Hemophagocytic lymphohistiocytosis: when the immune system runs amok

G Janka
Klinische Pädiatrie 2009, 221 (5): 278-85
Hemophagocytic lymphohistiocytosis (HLH) is a life-threatening syndrome in which an exaggerated but ineffective immune response leads to severe hyperinflammation. Key players in HLH are activated lymphocytes and histiocytes which infiltrate all organs and secrete large amounts of cytokines. Cardinal symptoms are prolonged fever, hepatosplenomegaly, cytopenias, and hemophagocytosis. Biochemical markers include elevated ferritin, triglycerides, and low fibrinogen. HLH occurs on the basis of various inherited and acquired immune defects. Impaired function of natural killer cells and cytotoxic T cells is shared by all forms of HLH. Nearly all genetic defects identified in inherited cases of HLH are either mutations in the perforin gene or in genes important for the exocytosis of cytotoxic granules. Cytotoxic granules contain perforin and granzymes which induce apoptosis upon entering the target cell. Additionally perforin is important for the down-regulation of the immune response.
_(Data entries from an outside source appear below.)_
(* Let $n\ge 1$ and let $M$ be an $R[n]$-module. Then $M$ is isomorphic, as an $R[n]$-module, to a neural ring $R_\mathcal C$ for some code $\mathcal C\subseteq\{0,1\}^n$ if and only if $M$ has an $\mathbb F_2$-basis $\rho_1,\dots,\rho_d$ such that: (1) for all $i\in[n]$ and $j\in[d]$, $x_i\cdot\rho_j\in\{\rho_j,0\}$; (2) for all distinct $j,k\in[d]$ there exists at least one $i\in[n]$ such that exactly one of $x_i\cdot\rho_j$ and $x_i\cdot\rho_k$ is $0$.
   Context: A neural code on $n$ neurons is a subset $\mathcal C\subseteq\{0,1\}^n$. Its ideal is $I_\mathcal C=\{f\in\mathbb F_2[x_1,\dots,x_n]: f(c)=0 \text{ for all } c\in\mathcal C\}$ and its neural ring is $R_\mathcal C=\mathbb F_2[x_1,\dots,x_n]/I_\mathcal C$, identified with the ring of all functions $\mathcal C\to\{0,1\}=\mathbb F_2$. Write $R[n]=\mathbb F_2[x_1,\dots,x_n]/\langle x_i^2-x_i : i\in[n]\rangle$, the neural ring of the full code $\{0,1\}^n$. For $\mathcal C\subseteq\{0,1\}^n$, $R_\mathcal C$ is an $R[n]$-module via $(r\cdot f)(c)=r(c)f(c)$ for $c\in\mathcal C$. *)

theory Defs
  imports "HOL-Algebra.Module" "HOL-Algebra.FiniteProduct"
begin

text \<open>Binary words of length n: functions nat => bool vanishing from index n on.
  Neuron i (1-based in the paper) corresponds to index i-1 here.\<close>
definition cube :: "nat \<Rightarrow> (nat \<Rightarrow> bool) set" where
  "cube n = {c. \<forall>i\<ge>n. \<not> c i}"

text \<open>Functions on a code C with values in F2 = bool (True = 1), extended by False off C.\<close>
definition fun_on :: "(nat \<Rightarrow> bool) set \<Rightarrow> ((nat \<Rightarrow> bool) \<Rightarrow> bool) set" where
  "fun_on C = {f. \<forall>c. c \<notin> C \<longrightarrow> \<not> f c}"

text \<open>The neural ring R_C, identified with the ring of all functions C -> F2
  (addition = xor, multiplication = and).\<close>
definition neural_ring :: "(nat \<Rightarrow> bool) set \<Rightarrow> ((nat \<Rightarrow> bool) \<Rightarrow> bool) ring" where
  "neural_ring C = \<lparr> carrier = fun_on C,
      mult = (\<lambda>f g c. f c \<and> g c),
      one = (\<lambda>c. c \<in> C),
      zero = (\<lambda>c. False),
      add = (\<lambda>f g c. f c \<noteq> g c) \<rparr>"

definition Rn :: "nat \<Rightarrow> ((nat \<Rightarrow> bool) \<Rightarrow> bool) ring" where
  "Rn n = neural_ring (cube n)"

definition xvar :: "nat \<Rightarrow> nat \<Rightarrow> ((nat \<Rightarrow> bool) \<Rightarrow> bool)" where
  "xvar n i = (\<lambda>c. c \<in> cube n \<and> c i)"

definition neural_module ::
  "nat \<Rightarrow> (nat \<Rightarrow> bool) set \<Rightarrow> ((nat \<Rightarrow> bool) \<Rightarrow> bool, (nat \<Rightarrow> bool) \<Rightarrow> bool) module" where
  "neural_module n C = \<lparr> carrier = fun_on C,
      mult = (\<lambda>f g c. f c \<and> g c),
      one = (\<lambda>c. c \<in> C),
      zero = (\<lambda>c. False),
      add = (\<lambda>f g c. f c \<noteq> g c),
      smult = (\<lambda>r f c. c \<in> C \<and> r c \<and> f c) \<rparr>"

definition module_iso ::
  "('r, 'm) ring_scheme \<Rightarrow> ('r, 'a, 'x) module_scheme \<Rightarrow> ('r, 'b, 'y) module_scheme
     \<Rightarrow> ('a \<Rightarrow> 'b) \<Rightarrow> bool" where
  "module_iso R M N f \<longleftrightarrow>
     bij_betw f (carrier M) (carrier N) \<and>
     (\<forall>x\<in>carrier M. \<forall>y\<in>carrier M. f (x \<oplus>\<^bsub>M\<^esub> y) = f x \<oplus>\<^bsub>N\<^esub> f y) \<and>
     (\<forall>r\<in>carrier R. \<forall>x\<in>carrier M. f (r \<odot>\<^bsub>M\<^esub> x) = r \<odot>\<^bsub>N\<^esub> f x)"

definition f2_const :: "('r, 'm) ring_scheme \<Rightarrow> bool \<Rightarrow> 'r" where
  "f2_const R b = (if b then \<one>\<^bsub>R\<^esub> else \<zero>\<^bsub>R\<^esub>)"

text \<open>rho 0, ..., rho (d-1) is an F2-basis of the R-module M (M viewed as an F2-vector
  space by restriction of scalars along F2 -> R): every element is a unique
  F2-linear combination of the rho j.\<close>
definition f2_basis ::
  "('r, 'm) ring_scheme \<Rightarrow> ('r, 'a, 'x) module_scheme \<Rightarrow> nat \<Rightarrow> (nat \<Rightarrow> 'a) \<Rightarrow> bool" where
  "f2_basis R M d \<rho> \<longleftrightarrow>
     (\<forall>j<d. \<rho> j \<in> carrier M) \<and>
     (\<forall>m\<in>carrier M. \<exists>!a. a \<in> extensional {..<d} \<and>
        m = finsum M (\<lambda>j. f2_const R (a j) \<odot>\<^bsub>M\<^esub> \<rho> j) {..<d})"

end

theory Submission
  imports Defs
begin

text \<open>
  Every R[n]-module is an F2-vector space, since 1 + 1 = 0 in R[n]. If each x_i maps a basis
  vector \<rho>_j to \<rho>_j or 0, let c_j be the codeword of those i with x_i \<rho>_j = \<rho>_j. The product over i
  of x_i or 1 + x_i (according to c_j) is the indicator of the point c_j, which fixes \<rho>_j; hence
  every r \<in> R[n] acts on \<rho>_j as the scalar r(c_j). This is exactly how R[n] acts on the indicator
  of c_j in R_C, and the separation condition says that the c_j are distinct. Two modules with
  bases on which R[n] acts through the same scalars are isomorphic by matching coordinates, so
  M is isomorphic to R_C for C = {c_j}. Conversely, the indicators of the codewords of C form
  such a basis of R_C, and it can be pulled back along any isomorphism.
\<close>

section \<open>F2-linear combinations\<close>

definition f2_comb ::
  "('r, 'm) ring_scheme \<Rightarrow> ('r, 'a, 'x) module_scheme \<Rightarrow> nat \<Rightarrow> (nat \<Rightarrow> 'a) \<Rightarrow> (nat \<Rightarrow> bool) \<Rightarrow> 'a"
  where "f2_comb R M d \<rho> a = finsum M (\<lambda>j. f2_const R (a j) \<odot>\<^bsub>M\<^esub> \<rho> j) {..<d}"

definition f2_coords ::
  "('r, 'm) ring_scheme \<Rightarrow> ('r, 'a, 'x) module_scheme \<Rightarrow> nat \<Rightarrow> (nat \<Rightarrow> 'a) \<Rightarrow> 'a \<Rightarrow> nat \<Rightarrow> bool"
  where "f2_coords R M d \<rho> m = (THE a. a \<in> extensional {..<d} \<and> m = f2_comb R M d \<rho> a)"

lemma f2_basis_iff_f2_comb:
  "f2_basis R M d \<rho> \<longleftrightarrow> (\<forall>j<d. \<rho> j \<in> carrier M) \<and>
     (\<forall>m\<in>carrier M. \<exists>!a. a \<in> extensional {..<d} \<and> m = f2_comb R M d \<rho> a)"
  by (simp add: f2_basis_def f2_comb_def)

lemma f2_basis_closed: "f2_basis R M d \<rho> \<Longrightarrow> j < d \<Longrightarrow> \<rho> j \<in> carrier M"
  by (simp add: f2_basis_def)

lemma (in ring) f2_const_closed [simp]: "f2_const R b \<in> carrier R"
  by (simp add: f2_const_def)

lemma (in ring) f2_const_mult: "f2_const R a \<otimes> f2_const R b = f2_const R (a \<and> b)"
  by (simp add: f2_const_def)

lemma (in ring) f2_const_add:
  "\<one> \<oplus> \<one> = \<zero> \<Longrightarrow> f2_const R a \<oplus> f2_const R b = f2_const R (a \<noteq> b)"
  by (simp add: f2_const_def)

context module
begin

lemma f2_comb_closed:
  "\<forall>j<d. \<rho> j \<in> carrier M \<Longrightarrow> f2_comb R M d \<rho> a \<in> carrier M"
  by (auto simp: f2_comb_def intro: finsum_closed)

lemma f2_comb_cong:
  "\<forall>j<d. \<rho> j \<in> carrier M \<Longrightarrow> \<forall>j<d. a j = b j \<Longrightarrow> f2_comb R M d \<rho> a = f2_comb R M d \<rho> b"
  unfolding f2_comb_def by (rule finsum_cong') auto

lemma f2_comb_add:
  assumes "\<one> \<oplus> \<one> = \<zero>" and "\<forall>j<d. \<rho> j \<in> carrier M"
  shows "f2_comb R M d \<rho> a \<oplus>\<^bsub>M\<^esub> f2_comb R M d \<rho> b = f2_comb R M d \<rho> (\<lambda>j. a j \<noteq> b j)"
proof -
  have "f2_comb R M d \<rho> a \<oplus>\<^bsub>M\<^esub> f2_comb R M d \<rho> b =
      (\<Oplus>\<^bsub>M\<^esub>j\<in>{..<d}. f2_const R (a j) \<odot>\<^bsub>M\<^esub> \<rho> j \<oplus>\<^bsub>M\<^esub> f2_const R (b j) \<odot>\<^bsub>M\<^esub> \<rho> j)"
    unfolding f2_comb_def using assms(2) by (intro finsum_addf[symmetric]) auto
  also have "\<dots> = f2_comb R M d \<rho> (\<lambda>j. a j \<noteq> b j)"
    unfolding f2_comb_def using assms
    by (intro finsum_cong') (auto simp: smult_l_distr[symmetric] f2_const_add)
  finally show ?thesis .
qed

lemma f2_comb_smult:
  assumes "\<forall>j<d. \<rho> j \<in> carrier M" and r: "r \<in> carrier R"
    and diag: "\<forall>j<d. r \<odot>\<^bsub>M\<^esub> \<rho> j = f2_const R (\<chi> j) \<odot>\<^bsub>M\<^esub> \<rho> j"
  shows "r \<odot>\<^bsub>M\<^esub> f2_comb R M d \<rho> a = f2_comb R M d \<rho> (\<lambda>j. a j \<and> \<chi> j)"
proof -
  have "r \<odot>\<^bsub>M\<^esub> (f2_const R c \<odot>\<^bsub>M\<^esub> \<rho> j) = f2_const R (c \<and> \<chi> j) \<odot>\<^bsub>M\<^esub> \<rho> j"
    if "j < d" for c j
  proof -
    have "r \<odot>\<^bsub>M\<^esub> (f2_const R c \<odot>\<^bsub>M\<^esub> \<rho> j) = (f2_const R c \<otimes> r) \<odot>\<^bsub>M\<^esub> \<rho> j"
      using assms(1) r that by (simp add: smult_assoc1[symmetric] m_comm)
    also have "\<dots> = f2_const R c \<odot>\<^bsub>M\<^esub> (f2_const R (\<chi> j) \<odot>\<^bsub>M\<^esub> \<rho> j)"
      using assms(1) r diag that by (simp add: smult_assoc1)
    also have "\<dots> = f2_const R (c \<and> \<chi> j) \<odot>\<^bsub>M\<^esub> \<rho> j"
      using assms(1) that by (simp add: smult_assoc1[symmetric] f2_const_mult)
    finally show ?thesis .
  qed
  then show ?thesis
    unfolding f2_comb_def using assms(1) r
    by (subst finsum_smult_ldistr) (auto intro: finsum_cong')
qed

end

section \<open>Transfer along module isomorphisms\<close>

lemma module_iso_zero:
  assumes "module R M" "module R N" "module_iso R M N f"
  shows "f \<zero>\<^bsub>M\<^esub> = \<zero>\<^bsub>N\<^esub>"
proof -
  interpret M: module R M by (rule assms(1))
  interpret N: module R N by (rule assms(2))
  have "f \<zero>\<^bsub>M\<^esub> \<in> carrier N"
    using assms(3) unfolding module_iso_def bij_betw_def by blast
  moreover have "f \<zero>\<^bsub>M\<^esub> = \<zero>\<^bsub>R\<^esub> \<odot>\<^bsub>N\<^esub> f \<zero>\<^bsub>M\<^esub>"
    using assms(3) M.smult_l_null[of "\<zero>\<^bsub>M\<^esub>"] unfolding module_iso_def by force
  ultimately show ?thesis
    by simp
qed

lemma module_iso_finsum:
  assumes "module R M" "module R N" "module_iso R M N f" "g \<in> A \<rightarrow> carrier M"
  shows "f (finsum M g A) = finsum N (f \<circ> g) A"
proof -
  interpret M: module R M by (rule assms(1))
  interpret N: module R N by (rule assms(2))
  have into: "f x \<in> carrier N" if "x \<in> carrier M" for x
    using assms(3) that unfolding module_iso_def bij_betw_def by blast
  from assms(4) show ?thesis
  proof (induction A rule: infinite_finite_induct)
    case (insert a A)
    have "f (finsum M g (insert a A)) = f (g a \<oplus>\<^bsub>M\<^esub> finsum M g A)"
      using insert by simp
    also have "\<dots> = f (g a) \<oplus>\<^bsub>N\<^esub> finsum N (f \<circ> g) A"
      using insert assms(3) unfolding module_iso_def by (simp add: comp_def)
    also have "\<dots> = finsum N (f \<circ> g) (insert a A)"
      using insert into by (simp add: Pi_def)
    finally show ?case .
  qed (simp_all add: module_iso_zero[OF assms(1-3)])
qed

lemma f2_basis_transfer:
  assumes "module R M" "module R N" "module_iso R M N f" "f2_basis R N d \<sigma>"
    and "\<forall>j<d. \<rho> j \<in> carrier M \<and> f (\<rho> j) = \<sigma> j"
  shows "f2_basis R M d \<rho>"
proof -
  interpret M: module R M by (rule assms(1))
  interpret N: module R N by (rule assms(2))
  have inj: "inj_on f (carrier M)" and into: "\<And>x. x \<in> carrier M \<Longrightarrow> f x \<in> carrier N"
    using assms(3) unfolding module_iso_def bij_betw_def by auto
  have \<rho>: "\<forall>j<d. \<rho> j \<in> carrier M"
    using assms(5) by blast
  have \<sigma>: "\<forall>j<d. \<sigma> j \<in> carrier N"
    using assms(5) into by metis
  have comb: "f (f2_comb R M d \<rho> a) = f2_comb R N d \<sigma> a" for a
  proof -
    have "f (f2_comb R M d \<rho> a) = finsum N (\<lambda>j. f (f2_const R (a j) \<odot>\<^bsub>M\<^esub> \<rho> j)) {..<d}"
      unfolding f2_comb_def using \<rho> by (subst module_iso_finsum[OF assms(1-3)]) (auto simp: comp_def)
    also have "\<dots> = f2_comb R N d \<sigma> a"
      unfolding f2_comb_def using assms(3,5) \<sigma>
      by (intro N.finsum_cong') (auto simp: module_iso_def)
    finally show ?thesis .
  qed
  have "m = f2_comb R M d \<rho> a \<longleftrightarrow> f m = f2_comb R N d \<sigma> a" if "m \<in> carrier M" for m a
    using inj_on_eq_iff[OF inj that M.f2_comb_closed[OF \<rho>]] comb by simp
  then show ?thesis
    using assms(4) \<rho> into by (simp add: f2_basis_iff_f2_comb)
qed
Acquired forms of HLH are found in association with infectious agents, in patients with autoimmune diseases, in malignant diseases, and in patients receiving immune suppression or after organ transplantation. - HLH is still difficult to diagnose and may be overlooked since initially it may masquerade as a normal infection. HLH should be considered when symptoms are more pronounced than usual and in case of progression. Suppression of the severe hyperinflammation can be achieved with immunosuppressive and immunomodulatory agents and cytostatic drugs. Patients with genetic HLH have to undergo stem cell transplantation for cure.